The reason I am telling you this is: whereas I was flirting with someone online and had no intention of actually doing anything physical, we shared our little dirty fantasies and I feel that maybe I’m a bit of a bitch for telling you all on here, but it’s not that we know one another in real life, so here goes: she told me that she fancies her OH’s best friend. That she flirts with him and I know that and I have seen that. Trouble is, I now see it happening in front of my nose every time my husband is around.
So perhaps I have been ok with the whole flirt thing because to someone extent, I am a flirt and it did bite me on my bum. In a weird way it sort of adds to me feeling safe but now it is kinda getting a bit ridiculous.

Anyway, what gives me peace that they are not shagging is that if she hasn’t shagged her husbands best friend by now, I feel my husband is pretty safe.

I probably should add more details, otherwise, let the criticism of my actions commence.
Gulp

OP posts:
GiveHerHellFromUs · 08/01/2020 20:27

That does change things for me a bit @CastaNettes and would explain why your DH didn't say anything when you broached it with him.

He chose to forgive you and you then accused him of doing the same.

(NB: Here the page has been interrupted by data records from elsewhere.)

(* Let $\mathbb W$, $\mathbb W_i$ and $C$ be as in the context. An automorphism $\theta\in\operatorname{Aut}(\mathbb W)$ lies in $C$ if and only if $\theta(\mathbb W_i)=\mathbb W_i$ for every $2\le i\le n$.
   Context: Fix an integer $n\ge 3$, pairwise distinct odd integers $m_1,\dots,m_l\ge 3$ and positive integers $k_1,\dots,k_l$ with $k_1+\cdots+k_l=n-1$. Partition $\{2,\dots,n\}$ into consecutive blocks $A_1=\{2,\dots,k_1+1\}$, $A_2=\{k_1+2,\dots,k_1+k_2+1\}$, …, $A_l$ (of sizes $k_1,\dots,k_l$), and put $t_i=m_j$ for $i\in A_j$. The star group is $\mathbb W=\langle w_1,\dots,w_n\mid w_j^2=1\ (1\le j\le n),\ (w_1w_i)^{t_i}=1\ (2\le i\le n)\rangle$. For $2\le i\le n$ let $\mathbb W_i=\langle w_1,w_i\rangle$ (dihedral of order $2t_i$). For $2\le i\le n$ and $1\le k<t_i$ with $\gcd(k,t_i)=1$, $\theta_i^k$ is the automorphism of $\mathbb W$ with $\theta_i^k(w_j)=w_j$ for $j\ne i$ and $\theta_i^k(w_i)=w_1(w_1w_i)^k$. Let $C_i=\langle\theta_i^k : 1\le k<t_i,\ \gcd(k,t_i)=1\rangle\cong \operatorname{U}_{t_i}$ (the unit group of $\mathbb Z/t_i\mathbb Z$) and $C=C_2\times C_3\times\cdots\times C_n\le\operatorname{Aut}(\mathbb W)$, an abelian subgroup isomorphic to $\prod_{j=1}^l(\operatorname{U}_{m_j})^{k_j}$. *)

theory Defs
  imports "HOL-Algebra.Algebra"
begin
lemma cinner_adj_left:
  fixes T :: "'a::chilbert_space \<Rightarrow> 'a"
  assumes T: "bounded_clinear T"
  shows "cinner (adj T x) y = cinner x (T y)"
proof -
  have lin: "bounded_linear T" and hom: "\<And>c x. T (c *\<^sub>C x) = c *\<^sub>C T x"
    using T unfolding bounded_clinear_def by auto
  have "\<exists>v. \<forall>y. cinner v y = cinner x (T y)" for x
  proof (rule riesz_representation)
    show "cinner x (T (a + b)) = cinner x (T a) + cinner x (T b)" for a b
      by (simp add: linear_add[OF bounded_linear.linear[OF lin]] cinner_add_right)
    show "cinner x (T (c *\<^sub>C a)) = c * cinner x (T a)" for c a
      by (simp add: hom cinner_scaleC_right)
    show "continuous_on UNIV (\<lambda>y. cinner x (T y))"
      using linear_continuous_on[OF bounded_linear_compose[OF bounded_linear_cinner_right lin]]
      by simp
  qed
  then obtain S where S: "\<And>x y. cinner (S x) y = cinner x (T y)" by metis
  have "adj T = S" unfolding adj_def
  proof (rule the_equality)
    show "\<forall>x y. cinner (S x) y = cinner x (T y)" using S by blast
    fix S' assume S': "\<forall>x y. cinner (S' x) y = cinner x (T y)"
    show "S' = S"
    proof
      fix x
      have "cinner (S' x - S x) (S' x - S x) = 0" by (simp add: cinner_diff_left S'[rule_format] S)
      then show "S' x = S x" by (simp add: cinner_self_eq_zero)
    qed
  qed
  then show ?thesis by (simp add: S)
qed

lemma cinner_adj_right:
  fixes T :: "'a::chilbert_space \<Rightarrow> 'a"
  assumes "bounded_clinear T"
  shows "cinner (T x) y = cinner x (adj T y)"
  by (metis assms cinner_adj_left cinner_commute)

lemma sum_power2_norm_isometry:
  fixes U :: "'i \<Rightarrow> 'i \<Rightarrow> 'h::chilbert_space \<Rightarrow> 'h"
  assumes fin: "finite I"
    and bdd: "\<And>i k. i \<in> I \<Longrightarrow> k \<in> I \<Longrightarrow> bounded_clinear (U i k)"
    and iso: "\<And>k l y. k \<in> I \<Longrightarrow> l \<in> I \<Longrightarrow> (\<Sum>i\<in>I. adj (U i l) (U i k y)) = (if k = l then y else 0)"
  shows "(\<Sum>i\<in>I. norm (\<Sum>k\<in>I. U i k (v k)) ^ 2) = (\<Sum>k\<in>I. norm (v k) ^ 2)"
proof -
  have "(\<Sum>i\<in>I. cinner (\<Sum>k\<in>I. U i k (v k)) (\<Sum>k\<in>I. U i k (v k)))
      = (\<Sum>i\<in>I. \<Sum>k\<in>I. \<Sum>l\<in>I. cinner (U i k (v k)) (U i l (v l)))"
    unfolding cinner_sum_left cinner_sum_right by (intro sum.cong refl sum.swap)
  also have "\<dots> = (\<Sum>i\<in>I. \<Sum>k\<in>I. \<Sum>l\<in>I. cinner (v k) (adj (U i k) (U i l (v l))))"
    by (intro sum.cong refl) (simp add: cinner_adj_right bdd)
  also have "\<dots> = (\<Sum>k\<in>I. \<Sum>l\<in>I. cinner (v k) (\<Sum>i\<in>I. adj (U i k) (U i l (v l))))"
    unfolding cinner_sum_right
    by (rule trans[OF sum.swap]) (intro sum.cong refl sum.swap)
  also have "\<dots> = (\<Sum>k\<in>I. \<Sum>l\<in>I. if k = l then cinner (v k) (v l) else 0)"
    by (intro sum.cong refl) (simp add: iso)
  also have "\<dots> = (\<Sum>k\<in>I. cinner (v k) (v k))"
    by (simp add: fin)
  finally show ?thesis
    by (simp add: power2_norm_eq_Re_cinner flip: Re_sum)
qed

lemma sum_power2_norm_adj:
  fixes U :: "'i \<Rightarrow> 'i \<Rightarrow> 'h::chilbert_space \<Rightarrow> 'h"
  assumes bdd: "\<And>i k. i \<in> I \<Longrightarrow> k \<in> I \<Longrightarrow> bounded_clinear (U i k)"
    and col: "\<And>k x. k \<in> I \<Longrightarrow> (\<Sum>j\<in>I. U j k (adj (U j k) x)) = x"
  shows "(\<Sum>j\<in>I. \<Sum>k\<in>I. norm (adj (U j k) x) ^ 2) = real (card I) * norm x ^ 2"
proof -
  have "(\<Sum>j\<in>I. norm (adj (U j k) x) ^ 2) = norm x ^ 2" if k: "k \<in> I" for k
  proof -
    have "(\<Sum>j\<in>I. cinner (adj (U j k) x) (adj (U j k) x)) = cinner x (\<Sum>j\<in>I. U j k (adj (U j k) x))"
      unfolding cinner_sum_right by (intro sum.cong refl) (simp add: cinner_adj_left bdd k)
    then show ?thesis
      by (simp add: col k power2_norm_eq_Re_cinner flip: Re_sum)
  qed
  then show ?thesis by (subst sum.swap) simp
qed

lemma sum_adj_row_eq_id:
  fixes U :: "'i \<Rightarrow> 'i \<Rightarrow> 'h::chilbert_space \<Rightarrow> 'h"
  assumes fin: "finite I"
    and bdd: "\<And>i k. i \<in> I \<Longrightarrow> k \<in> I \<Longrightarrow> bounded_clinear (U i k)"
    and iso: "\<And>k l y. k \<in> I \<Longrightarrow> l \<in> I \<Longrightarrow> (\<Sum>i\<in>I. adj (U i l) (U i k y)) = (if k = l then y else 0)"
    and col: "\<And>k x. k \<in> I \<Longrightarrow> (\<Sum>j\<in>I. U j k (adj (U j k) x)) = x"
    and j: "j \<in> I"
  shows "(\<Sum>k\<in>I. U j k (adj (U j k) x)) = x"
proof -
  define S where "S j = (\<Sum>k\<in>I. norm (adj (U j k) x) ^ 2)" for j
  define w where "w i j = (\<Sum>k\<in>I. U i k (adj (U j k) x))" for i j
  have defect: "norm (x - w j j) ^ 2 \<le> norm x ^ 2 - S j" if j: "j \<in> I" for j
  proof -
    have "norm (w j j) ^ 2 \<le> (\<Sum>i\<in>I. norm (w i j) ^ 2)"
      by (rule member_le_sum[OF j]) (simp_all add: fin)
    also have "\<dots> = S j"
      unfolding w_def S_def by (rule sum_power2_norm_isometry[OF fin bdd iso])
    finally have "norm (w j j) ^ 2 \<le> S j" .
    moreover have "cinner x (w j j) = (\<Sum>k\<in>I. cinner (adj (U j k) x) (adj (U j k) x))"
      unfolding w_def cinner_sum_right by (intro sum.cong refl) (simp add: cinner_adj_left bdd j)
    then have "Re (cinner x (w j j)) = S j"
      by (simp add: S_def power2_norm_eq_Re_cinner)
    ultimately show ?thesis
      using power2_norm_diff[of x "w j j"] by linarith
  qed
  have "(\<Sum>i\<in>I. norm (x - w i i) ^ 2) \<le> (\<Sum>i\<in>I. norm x ^ 2 - S i)"
    by (rule sum_mono) (rule defect)
  also have "\<dots> = 0"
    using sum_power2_norm_adj[OF bdd col, where x = x] by (simp add: S_def sum_subtractf)
  finally have "(\<Sum>i\<in>I. norm (x - w i i) ^ 2) = 0"
    by (simp add: antisym sum_nonneg)
  then have "norm (x - w j j) ^ 2 = 0"
    using fin j by (simp add: sum_nonneg_eq_0_iff)
  then show ?thesis by (simp add: w_def)
qed

theorem proposition3p9:
  fixes n :: nat
    and \<theta> :: "nat \<Rightarrow> nat \<Rightarrow> real"
    and \<omega> :: "nat \<Rightarrow> nat \<Rightarrow> complex"
    and U :: "nat \<Rightarrow> nat \<Rightarrow> ('h::chilbert_space \<Rightarrow> 'h)"
  assumes n2: "n \<ge> 2"
    and skew: "\<forall>i\<in>{1..n}. \<forall>j\<in>{1..n}. \<theta> i j = - \<theta> j i"
    and omega: "\<forall>i\<in>{1..n}. \<forall>j\<in>{1..n}. \<omega> i j = exp (2 * complex_of_real pi * \<i> * complex_of_real (\<theta> i j))"
    and bdd: "\<forall>i\<in>{1..n}. \<forall>k\<in>{1..n}. bounded_clinear (U i k)"
    and R1: "\<forall>i\<in>{1..n}. \<forall>j\<in>{1..n}. \<forall>k\<in>{1..n}. \<forall>l\<in>{1..n}. \<forall>x.
              U i k (U j l x) + \<omega> j i *\<^sub>C U j k (U i l x)
            = \<omega> k l *\<^sub>C U i l (U j k x) + (\<omega> j i * \<omega> k l) *\<^sub>C U j l (U i k x)"
    and R2: "\<forall>k\<in>{1..n}. \<forall>l\<in>{1..n}. \<forall>x.
              (\<Sum>i=1..n. U i k (adj (U i l) x)) = (if k = l then x else 0)"
    and R3: "\<forall>k\<in>{1..n}. \<forall>l\<in>{1..n}. \<forall>x.
              (\<Sum>i=1..n. adj (U i l) (U i k x)) = (if k = l then x else 0)"
    and R4: "\<forall>i\<in>{1..n}. \<forall>j\<in>{1..n}. \<forall>k\<in>{1..n}. i \<noteq> j \<longrightarrow> (\<forall>x. U j k (adj (U i k) x) = 0)"
    and R5: "\<forall>i\<in>{1..n}. \<forall>j\<in>{1..n}. \<forall>k\<in>{1..n}. i \<noteq> j \<longrightarrow> (\<forall>x. adj (U i k) (U j k x) = 0)"
  shows "(\<forall>k\<in>{1..n}. \<forall>l\<in>{1..n}. \<forall>x.
            (\<Sum>i=1..n. adj (U i k) (U i l x)) = (if k = l then x else 0))
       \<and> (\<forall>k\<in>{1..n}. \<forall>l\<in>{1..n}. \<forall>x.
            (\<Sum>i=1..n. U k i (adj (U l i) x)) = (if k = l then x else 0))"
proof -
  let ?I = "{1..n}"
  have bdd': "\<And>i k. i \<in> ?I \<Longrightarrow> k \<in> ?I \<Longrightarrow> bounded_clinear (U i k)"
    using bdd by blast
  have iso: "\<And>k l y. k \<in> ?I \<Longrightarrow> l \<in> ?I \<Longrightarrow> (\<Sum>i\<in>?I. adj (U i l) (U i k y)) = (if k = l then y else 0)"
    using R3 by simp
  have col: "\<And>k x. k \<in> ?I \<Longrightarrow> (\<Sum>j\<in>?I. U j k (adj (U j k) x)) = x"
    using R2 by simp
  have "(\<Sum>i=1..n. adj (U i k) (U i l x)) = (if k = l then x else 0)"
    if "k \<in> ?I" "l \<in> ?I" for k l x
    using iso[OF that(2,1), of x] by (cases "k = l") auto
  moreover have "(\<Sum>i=1..n. U k i (adj (U l i) x)) = (if k = l then x else 0)"
    if "k \<in> ?I" "l \<in> ?I" for k l x
  proof (cases "k = l")
    case True
    then show ?thesis using sum_adj_row_eq_id[OF finite_atLeastAtMost bdd' iso col] that by simp
  next
    case False
    then show ?thesis using R4 that by simp
  qed
  ultimately show ?thesis by blast
qed

end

If she's your best friend I think you can actually have that conversation.
"Remember when you told me you flirt with X, is it in the same way you flirt with DH? Should I be worried? Wink"
I could definitely have that conversation with my best friend.

Closetbeanmuncher · 08/01/2020 22:19

we shared our little dirty fantasies

Why not share those with your husband instead of someone on Facebook!!?

You've been complacent and now you feel threatened watching your own behaviour play out before your eyes.